Novak Djokovic has been denied entry to Australia by the country's border force and faces deportation after his visa was cancelled amid a row over his medical exemption from COVID vaccination rules.
The tennis star's hopes of defending his Australian Open title later this month now appear over.
Border officials said the world number one failed to provide appropriate evidence to meet the country's entry requirements.
The 34-year-old Serbian player had been held up for several hours at Melbourne airport by a visa error and was ultimately refused entry.
But there have been suggestions he could appeal against the decision.
Djokovic, who has repeatedly declined to say whether he has been jabbed against coronavirus, confirmed on Tuesday he had received an exemption to compete in the nation's top tennis tournament.
But on landing in Melbourne, Victoria, late on Wednesday local time, the 20-time grand slam winner was waiting for permission to enter the country after his team had reportedly applied for a visa that does not allow for medical exemptions for being unvaccinated.
The sportsman, left stranded at the airport, has now been issued a letter by the Australian government saying his visa was denied and he would be deported.
Prime Minister Scott Morrison tweeted: "Mr Djokovic's visa has been cancelled. Rules are rules, especially when it comes to our borders. No one is above these rules.
"Our strong border policies have been critical to Australia having one of the lowest death rates in the world from COVID, we are continuing to be vigilant."
The border force said: "Non-citizens who do not hold a valid visa on entry or who have had their visa cancelled will be detained and removed from Australia.
"The ABF (Australian Border Force) can confirm Mr Djokovic had access to his phone."
Before the announcement, Djokovic's coach Goran Ivanisevic posted a selfie on Instagram from the airport lounge with the caption: "Not the most usual trip from Down Under."

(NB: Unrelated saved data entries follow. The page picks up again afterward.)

lemma has_integral_budget_payment:
  assumes t: "t \<in> {0..1}"
  shows "(budget_payment has_integral
           (if t \<le> \<tau> then c * ln (exp 1 * c / integral {t..1} v) else c)) {0..t}"
proof -
  have head: "(budget_payment has_integral c * ln (exp 1 * c / integral {s..1} v)) {0..s}"
    if s: "0 \<le> s" "s \<le> \<tau>" for s
  proof -
    have pos: "0 < integral {s..1} v" using c_le_tail_integral[OF s] c_pos by linarith
    have "((\<lambda>u. v u / integral {u..1} v) has_integral ln (exp 1 * c / integral {s..1} v)) {0..s}"
      using has_integral_div_tail_integral[OF v_cont v_nonneg, of s] s \<tau> pos c_pos
      by (simp add: v_total ln_div)
    then have "((\<lambda>u. c * (v u / integral {u..1} v)) has_integral
                 c * ln (exp 1 * c / integral {s..1} v)) {0..s}"
      by (rule has_integral_mult_right)
    then show ?thesis
      by (rule has_integral_eq[rotated]) (use s in \<open>simp add: budget_payment_def\<close>)
  qed
  show ?thesis
  proof (cases "t \<le> \<tau>")
    case True
    then show ?thesis using head t by simp
  next
    case False
    have "(budget_payment has_integral c) {0..\<tau>}"
      using head[of \<tau>] \<tau> tail_\<tau> c_pos by simp
    moreover have "(budget_payment has_integral 0) {\<tau>..t}"
      by (rule has_integral_spike[OF negligible_sing[of \<tau>] _ has_integral_0])
        (simp add: budget_payment_def)
    ultimately show ?thesis
      using has_integral_combine[of 0 \<tau> t budget_payment c 0] False \<tau> by simp
  qed
qed

lemma budget_payment_integrable: "budget_payment integrable_on {0..1}"
  using has_integral_budget_payment[of 1] by auto

lemma budget_payment_nonneg: "t \<in> {0..1} \<Longrightarrow> 0 \<le> budget_payment t"
  using c_le_tail_integral[of t] v_nonneg c_pos
  by (auto simp: budget_payment_def intro!: divide_nonneg_nonneg)

lemma exp_mechanism_budget_payment:
  assumes t: "t \<in> {0..1}"
  shows "exp_mechanism c budget_payment t = (if t \<le> \<tau> then c / integral {t..1} v else 1)"
proof -
  have r: "exp_mechanism c budget_payment t = exp (min (integral {0..t} budget_payment) c / c - 1)"
    using capped_payment_eq_min_integral[OF _ budget_payment_integrable _ t] c_pos
      budget_payment_nonneg by (simp add: exp_mechanism_def)
  show ?thesis
  proof (cases "t \<le> \<tau>")
    case True
    let ?T = "integral {t..1} v"
    have T: "c \<le> ?T" "0 < ?T" using c_le_tail_integral[of t] t True c_pos by auto
    have "ln (exp 1 * c / ?T) \<le> 1" using T c_pos by (simp add: ln_div ln_mult)
    then have "min (integral {0..t} budget_payment) c = c * ln (exp 1 * c / ?T)"
      using has_integral_budget_payment[OF t] True c_pos by (auto simp: integral_unique)
    then have "exp_mechanism c budget_payment t = exp (ln (exp 1 * c / ?T) - 1)"
      using r c_pos by simp
    also have "\<dots> = c / ?T" using T c_pos by (simp add: exp_diff)
    finally show ?thesis using True by simp
  next
    case False
    then show ?thesis using has_integral_budget_payment[OF t] c_pos by (simp add: r integral_unique)
  qed
qed

lemma feasible_budget_payment: "feasible (exp_mechanism c) v budget_payment"
  unfolding feasible_def
proof (intro conjI ballI budget_payment_integrable budget_payment_nonneg)
  fix t :: real assume "t \<in> {0..1}"
  then show "budget_payment t \<le> exp_mechanism c budget_payment t * v t"
    using v_nonneg by (simp add: exp_mechanism_budget_payment budget_payment_def)
qed

lemma utility_budget_payment: "utility (exp_mechanism c) v budget_payment = c"
proof -
  have "(v has_integral c) {\<tau>..1}"
    using tail_\<tau> \<tau> integrable_on_subinterval[OF integrable_continuous_interval[OF v_cont], of \<tau> 1]
    by (auto simp: has_integral_integral)
  then have "((\<lambda>t. if t \<le> \<tau> then 0 else v t) has_integral c) {\<tau>..1}"
    by (rule has_integral_spike[OF negligible_sing[of \<tau>], rotated]) auto
  moreover have "((\<lambda>t. if t \<le> \<tau> then 0 else v t) has_integral 0) {0..\<tau>}"
    by (rule has_integral_eq[OF _ has_integral_0]) auto
  ultimately have "((\<lambda>t. if t \<le> \<tau> then 0 else v t) has_integral c) {0..1}"
    using has_integral_combine[of 0 \<tau> 1 _ 0 c] \<tau> by (simp add: add.commute)
  then have "((\<lambda>t. exp_mechanism c budget_payment t * v t - budget_payment t) has_integral c) {0..1}"
    by (rule has_integral_eq[rotated]) (simp add: exp_mechanism_budget_payment budget_payment_def)
  then show ?thesis unfolding utility_def by (rule integral_unique)
qed

lemma dominant_budget_payment: "dominant (exp_mechanism c) v budget_payment"
  unfolding dominant_def
  using feasible_budget_payment utility_budget_payment utility_exp_mechanism_le by simp

lemma revenue_budget_payment: "revenue budget_payment = c"
  using has_integral_budget_payment[of 1] \<tau> tail_\<tau> c_pos
  by (cases "\<tau> = 1") (auto simp: revenue_def integral_unique)

end

lemma exists_dominant_revenue_eq: "\<exists>x. dominant (exp_mechanism c) v x \<and> revenue x = c"
proof -
  obtain \<tau> where \<tau>: "\<tau> \<in> {0..1}" "integral {\<tau>..1} v = c" using exists_tail_integral_eq by blast
  then show ?thesis using dominant_budget_payment revenue_budget_payment by blast
qed

end

lemma mechanism_zero: "mechanism (\<lambda>x t. 0)"
  by (simp add: mechanism_def integrable_0)

lemma dominant_zero_mechanism: "dominant (\<lambda>x t. 0) v (\<lambda>t. 0)"
proof -
  have "utility (\<lambda>x t. 0) v y \<le> 0" if "feasible (\<lambda>x t. 0) v y" for y
    using that by (auto simp: utility_def feasible_def intro: integral_nonneg)
  then show ?thesis by (simp add: dominant_def feasible_def utility_def integrable_0)
qed

theorem theorem6:
  fixes V :: real
  shows "\<exists>M. mechanism M \<and>
    (\<forall>v. (\<exists>C. C-lipschitz_on {0..1} v) \<and> (\<forall>t\<in>{0..1}. 0 \<le> v t) \<and>
         integral {0..1} v = V \<longrightarrow>
         (\<exists>x. dominant M v x \<and> revenue x = V / exp 1))"
proof (cases "0 < V")
  case True
  then have "mechanism (exp_mechanism (V / exp 1))" by (simp add: mechanism_exp_mechanism)
  moreover have "\<exists>x. dominant (exp_mechanism (V / exp 1)) v x \<and> revenue x = V / exp 1"
    if "\<exists>C. C-lipschitz_on {0..1} v" "\<forall>t\<in>{0..1}. 0 \<le> v t" "integral {0..1} v = V"
    for v :: "real \<Rightarrow> real"
    using that True by (intro exists_dominant_revenue_eq) (auto intro: lipschitz_on_continuous_on)
  ultimately show ?thesis by blast
next
  case False
  have "V = 0" if "(\<exists>C. C-lipschitz_on {0..1} v) \<and> (\<forall>t\<in>{0..1}. 0 \<le> v t) \<and> integral {0..1} v = V"
    for v :: "real \<Rightarrow> real"
  proof -
    have "v integrable_on {0..1}"
      using that by (auto intro: integrable_continuous_interval lipschitz_on_continuous_on)
    then have "0 \<le> V" using that by (auto intro: integral_nonneg)
    then show ?thesis using False by simp
  qed
  moreover have "revenue (\<lambda>t. 0) = 0" by (simp add: revenue_def)
  ultimately show ?thesis using mechanism_zero dominant_zero_mechanism by fastforce
qed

Border officials had earlier contacted government officials in Victoria to sponsor Djokovic's visa.
But they refused to do so and he was forced to wait for hours.
He was questioned by border officials, and his father Srdjan said his son spent time alone in a room guarded by police outside.
The Serbian president, Aleksandar Vucic, criticised the "harassment" of the country's sporting star, saying he had spoken on the phone to him and offered his support.
Mr Vucic said: "I told our Novak that the whole of Serbia is with him and that our bodies are doing everything to see that the harassment of the world's best tennis player is brought to an end immediately.
"In line with all norms of international law, Serbia will fight for Novak, truth and justice. Novak is strong, as we all know."
The waiting game at Melbourne airport ran on longer than any of Djokovic's epic five set battles.
One of the finest tennis players of all time, who is hunting a record-breaking 21st Grand Slam title this year, detained and questioned for over eight hours.
They wanted to know: where was the evidence to back up his medical exemption? Whatever he told the officials, it wasn't enough to convince them that he should be allowed in.
It is humiliating for Djokovic and embarrassing for the Australian Open. What a farce to let him think he'd get in and then withdraw permission right at the final stage.
Everyone is still working out how life works in this new world created by the pandemic - Australia has chosen a particularly hard line approach.
The one thing that this episode demonstrates is that non-vaccination can easily make you an outsider - whoever you are.
Mr Morrison earlier said the tennis champion would be "on the next plane home" if he was unable to provide "acceptable proof" for a COVID vaccination exemption.
Rules in Victoria, where the tournament begins on 17 January, state players must be double-jabbed against COVID.
Australians had called the decision to give the top tennis star a medical exemption to enter the country "a slap in the face" after they endured months of harsh lockdowns.
Djokovic has not made public on what grounds his exemption had been granted.
But a possible explanation is that he contracted coronavirus for a second time at some point in the last six months, having previously caught it during his Adria Tour event in Belgrade in 2020.
That would negate the need for vaccination, according to rules published last year by one of two independent medical panels involved in the decision to grant him an exemption.
Only 26 people connected with the Australian Open applied for a medical exemption and just a "handful" - estimated to be around five - were granted, according to tournament boss Craig Tiley.